ここには龍之介という神様と太郎という神様が住んでいる。二人は仙人や精霊や、もちろん神様たちが気軽に遊びに来られるようにお食事処を始めてみた。そんな小さな神社のたくさんの、おはなし。




雨が何日も降り続き、紫陽花が美しい色を奏でるように花を咲かせていた。龍之介が、三つ葉と川エビのかき揚げで冷たい蕎麦もいいなぁと試作をしていた時だった。入り口からなかに向かって呼ばわる声がかすかに聞こえた気がして、かき揚げをザルの上に上げてしまって油の火を止めて前掛けで手を拭きながら外を覗きに行くと、そこにはカッパの子が困った顔をして蓮の葉を差しかけて立ちすくんで震えていた。
「おや、カッパどんどうしたね。中に入って蕎麦でも食わんか?落ち着いたら話を聴いてやるかやな。

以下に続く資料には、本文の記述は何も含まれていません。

(* Fix real numbers $\alpha,\beta,\gamma,\delta$ with $\alpha\ne0$. Let $\mathscr T$ be a graph-enriched Schröder tree on a finite linear order $\ell$ with $|\ell|\ge2$, with root $r$ and $g=\bigvee\mathscr T$. Suppose that for every internal vertex $w\neq r$, the graph $g_{\ell_w}$ is regular and either $\alpha\gamma>0$ or ($\gamma=0$ and $g_{\ell_w}$ is connected). Then $$\sigma(U(g))=\Big(\prod_{w\in\mathrm{Iv}(\mathscr T),\,w\ne r}\mu_{\delta N_{rw}}\big(\sigma(U(a_w,g_w))\big)\Big)\cdot\sigma(U(a_r,g_r)),$$ where $\mu_{\delta N_{rw}}(\sigma(U(a_w,g_w)))$ is obtained from $\sigma(U(a_w,g_w))$ by removing one occurrence of $q_w=(\alpha+\delta)\mathrm{reg}(g_{\ell_w})+\beta+\gamma|\ell_w|$ (when it occurs) and then adding $\delta N_{rw}$ to every remaining element.
   Context: All graphs finite and simple. $U(g)=\alpha A(g)+\beta I+\gamma J+\delta D(g)$ ($A$ adjacency, $D$ diagonal degree matrix, $J$ all-ones). Spectra are multisets written multiplicatively (product = multiset union). Generalized composition: for a segmented partition $\pi=(\ell_1,\dots,\ell_k)$ of $\ell$ (nonempty consecutive segments whose concatenation is $\ell$), graphs $g_{\ell_j}$ on $\ell_j$ and a graph $h$ on $\pi$, $\bigvee_h(g_{\ell_1},\dots,g_{\ell_k})$ has vertex set $\ell$ and edges those of the $g_{\ell_j}$ plus all $\{x,y\}$, $x\in\ell_i,y\in\ell_j$, $\{\ell_i,\ell_j\}\in E(h)$. Graph-enriched Schröder tree on $\ell$: rooted plane tree with leaves the elements of $\ell$ left to right, each internal vertex having at least two children, with a graph $g_v$ on $\pi_v=(\ell_{v_1},\dots,\ell_{v_k})$ for each internal $v$ (children $v_1,\dots,v_k$ left to right, $\ell_u$ the leaves below $u$). $\bigvee$ of a leaf is the one-vertex graph and $\bigvee\mathscr T=\bigvee_{g_r}(\bigvee\mathscr T_{r_1},\dots,\bigvee\mathscr T_{r_k})$; $g_{\ell_u}=\bigvee\mathscr T_u$; $a_v=(g_{\ell_{v_1}},\dots,g_{\ell_{v_k}})$. For internal $v$ with $n_i=|\ell_{v_i}|$, $\rho_i=\mathrm{reg}(g_{\ell_{v_i}})$ and $N_i=\sum_{s:\{\ell_{v_s},\ell_{v_i}\}\in E(g_v)}n_s$, let $p_i=\alpha\rho_i+\beta+\gamma n_i+\delta(\rho_i+N_i)$; $U(a_v,g_v)$ is the $k\times k$ matrix with $(i,j)$ entry $\sqrt{n_in_j}\big(\alpha A(g_v)_{ij}+\gamma(1-\delta_{ij})\big)+\delta_{ij}p_i$ ($\delta_{ij}$ Kronecker delta, $A(g_v)$ indexed by $\pi_v$ in order). For non-root internal $w$ with parent $u$, $N_w=\sum_{x:\{\ell_x,\ell_w\}\in E(g_u)}|\ell_x|$, and $N_{rw}=N_{w_1}+\cdots+N_{w_m}$ along the path $r=w_0,w_1,\dots,w_m=w$. *)

theory Defs
  imports "Jordan_Normal_Form.Char_Poly" "HOL-Library.Multiset"
begin
text \<open>The vertex set V is the (finite) universe of the
  vertex type 'v; the Min and Max vertices partition it.\<close>

record 'v dpg =
  vmin :: "'v set"
  vmax :: "'v set"
  edges :: "('v \<times> 'v) set"
  wt :: "'v \<times> 'v \<Rightarrow> real"
  disc :: "'v \<times> 'v \<Rightarrow> real"

definition is_dpg :: "('v::finite) dpg \<Rightarrow> bool" where
  "is_dpg G \<longleftrightarrow> vmin G \<inter> vmax G = {} \<and> vmin G \<union> vmax G = UNIV
     \<and> (\<forall>v. \<exists>v'. (v, v') \<in> edges G)
     \<and> (\<forall>e \<in> edges G. 0 \<le> disc G e \<and> disc G e < 1)"

definition joint_strategy :: "'v dpg \<Rightarrow> ('v \<Rightarrow> 'v) \<Rightarrow> bool" where
  "joint_strategy G \<sigma> \<longleftrightarrow> (\<forall>v. (v, \<sigma> v) \<in> edges G)"

definition eq_holds :: "'v dpg \<Rightarrow> ('v \<times> 'v) \<Rightarrow> ('v \<Rightarrow> real) \<Rightarrow> bool" where
  "eq_holds G e x \<longleftrightarrow> x (fst e) = wt G e + disc G e * x (snd e)"

definition ineq_holds :: "'v dpg \<Rightarrow> ('v \<times> 'v) \<Rightarrow> ('v \<Rightarrow> real) \<Rightarrow> bool" where
  "ineq_holds G e x \<longleftrightarrow>
     (if fst e \<in> vmax G then x (fst e) \<ge> wt G e + disc G e * x (snd e)
      else x (fst e) \<le> wt G e + disc G e * x (snd e))"

definition solves_H :: "'v dpg \<Rightarrow> ('v \<Rightarrow> real) \<Rightarrow> bool" where
  "solves_H G x \<longleftrightarrow> (\<forall>e \<in> edges G. ineq_holds G e x)"

definition is_basis :: "('v::finite) dpg \<Rightarrow> ('v \<times> 'v) set \<Rightarrow> bool" where
  "is_basis G B \<longleftrightarrow> B \<subseteq> edges G \<and> card B = card (UNIV :: 'v set)
     \<and> (\<exists>!x. \<forall>e \<in> B. eq_holds G e x)"
(* Let $q=(n^2+3n)/2$, $n<p<q$, $\delta>0$, $\Lambda>0$, and let $\mathcal{Y}=\{y^0,y^1,\dots,y^p\}\subset\mathbb{R}^n$ be a $\Lambda$-poised set in $\overline{B}(y^0,\delta)$ in the minimum Frobenius norm sense. Let $\mathbf{L}_s\in\mathbb{R}^{p\times n}$ be the matrix whose $i$-th row is $(y^i-y^0)^T$, $i=1,\dots,p$, and $\hat{\mathbf{L}}_s=\frac1\delta\mathbf{L}_s$. Then \[ \|\hat{\mathbf{L}}_s^{\dagger}\|\le\Lambda\sqrt{2(n+1)}\,(p+1), \] where $\hat{\mathbf{L}}_s^{\dagger}$ is the Moore--Penrose pseudo-inverse of $\hat{\mathbf{L}}_s$.
   Context: $\overline{B}(x,\delta)$ is the closed Euclidean ball; $\|\cdot\|$ is the Euclidean norm / induced matrix norm, $\|\cdot\|_\infty$ the max norm. Natural basis of quadratic polynomials: $\overline\phi_L(x)=(1,x_1,\dots,x_n)$ and $\overline\phi_Q(x)=(\tfrac12x_1^2,x_1x_2,\dots,x_1x_n,\tfrac12x_2^2,\dots,x_{n-1}x_n,\tfrac12x_n^2)$. For a list of functions $\phi=(\phi_0,\dots,\phi_r)$, $\mathbf{M}(\phi,\mathcal{Y})$ is the $(p+1)\times(r+1)$ matrix with $(i,k)$ entry $\phi_k(y^i)$. $\mathcal{Y}$ is poised in the minimum Frobenius norm sense if the matrix $\begin{bmatrix}\mathbf{M}(\overline\phi_Q,\mathcal{Y})\mathbf{M}(\overline\phi_Q,\mathcal{Y})^T & \mathbf{M}(\overline\phi_L,\mathcal{Y})\\ \mathbf{M}(\overline\phi_L,\mathcal{Y})^T & 0\end{bmatrix}$ is nonsingular. A poised set $\mathcal{Y}$ is $\Lambda$-poised in $B\subseteq\mathbb{R}^n$ in the minimum Frobenius norm sense if for every $x\in B$ the solution $\lambda(x)\in\mathbb{R}^{p+1}$ of $\min\frac12\|\mathbf{M}(\overline\phi_Q,\mathcal{Y})^T\lambda-\overline\phi_Q(x)\|^2$ subject to $\mathbf{M}(\overline\phi_L,\mathcal{Y})^T\lambda=\overline\phi_L(x)$ satisfies $\|\lambda(x)\|_\infty\le\Lambda$. *)

theory Defs
  imports "Jordan_Normal_Form.Determinant"
begin

definition vnorm :: "real vec \<Rightarrow> real" where
  "vnorm v = sqrt (v \<bullet> v)"

definition vnorm_inf :: "real vec \<Rightarrow> real" where
  "vnorm_inf v = Max {\<bar>v $ i\<bar> | i. i < dim_vec v}"

definition opnorm :: "real mat \<Rightarrow> real" where
  "opnorm A = Sup {vnorm (A *\<^sub>v x) | x. x \<in> carrier_vec (dim_col A) \<and> vnorm x \<le> 1}"

definition is_pinv :: "real mat \<Rightarrow> real mat \<Rightarrow> bool" where
  "is_pinv A X \<longleftrightarrow> X \<in> carrier_mat (dim_col A) (dim_row A) \<and>
     A * X * A = A \<and> X * A * X = X \<and>
     transpose_mat (A * X) = A * X \<and> transpose_mat (X * A) = X * A"

definition pinv :: "real mat \<Rightarrow> real mat" where
  "pinv A = (THE X. is_pinv A X)"

definition phiL :: "nat \<Rightarrow> real vec \<Rightarrow> real vec" where
  "phiL n x = vec (n + 1) (\<lambda>k. if k = 0 then 1 else x $ (k - 1))"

」
龍之介はカッパの子を奥に通すと座敷にすわらせた。カッパの子は行儀よく正座で座るとぺこりと頭を下げ、
「おいらはあの滝の上にある池に住んでいるカッパで湖二郎と申します。池なのに湖なんて字を付けたのは琵琶湖のカッパの親戚だからだと父が申しておりました。その父が、この長雨で池より上の水源あたりの木々が倒れて大きな水溜りのようになってしまっているのを発見いたしました。今は父の神通力と隙間から流れる水でなんとか保っていますが、このまま雨が降り続きますと欠壊をまぬがれますまい。山裾にはたくさんの人が住んでおります。それにこの山にはたくさんの精霊や仙人もおられます。どうか欠壊せぬようにお力をお貸しください。」
なんとも難題が持ち上がったわいと心でつぶやくとさっき揚がったばかりのかき揚げを添えてざるそばを湖二郎の前に出してやり
「とりあえずそれを食べなさい。どうするかのう。考えねばなるまいな。しかも早急にな。そのように怯えんでも大丈夫じゃ。よく噛んでお食べ。」

ふむ、どうしたものか。山椒魚の仙人椒太郎(しょうたろう)に書状を送ろうか。本来ならば人にも知らせなければならぬところだが、今時御神託などを受け取れるものも居なければ信じる者もそうは居まい。我々でできる限りやってみて、ダメな時には決壊させて、再生を願うしかなかろう。
人は強い。精霊や仙人も住む地形が少し変わったところで日々の営みにはさして影響はない。それでもカッパの親父さんが力を使い果たす前になんとかしないと街が一つ水底に、土砂に埋もれてしまうかもしれない。龍之介は筆を取り、急ぎ書状を書き上げると、松の木の上に声をかけた。松の中腹の枝のわきには鳥の巣があり、そこからカササギが舞い降りた。
「すまぬがこの書状を椒太郎さんの所へ届けておくれ。手助けしてくれそうな者を何人かよこしてほしいとな。急を要すると釘を刺してな。頼んだぞ。」
そう声をかけると、カササギは、あいわかったと飛び立っていってしまった。

中に戻ると蕎麦を平らげた湖二郎は座敷で座布団に転がって眠っていた。緊張して疲れたのだろうと上掛けをかけてやると太郎を呼んでどうしたものかと話し合うことにした。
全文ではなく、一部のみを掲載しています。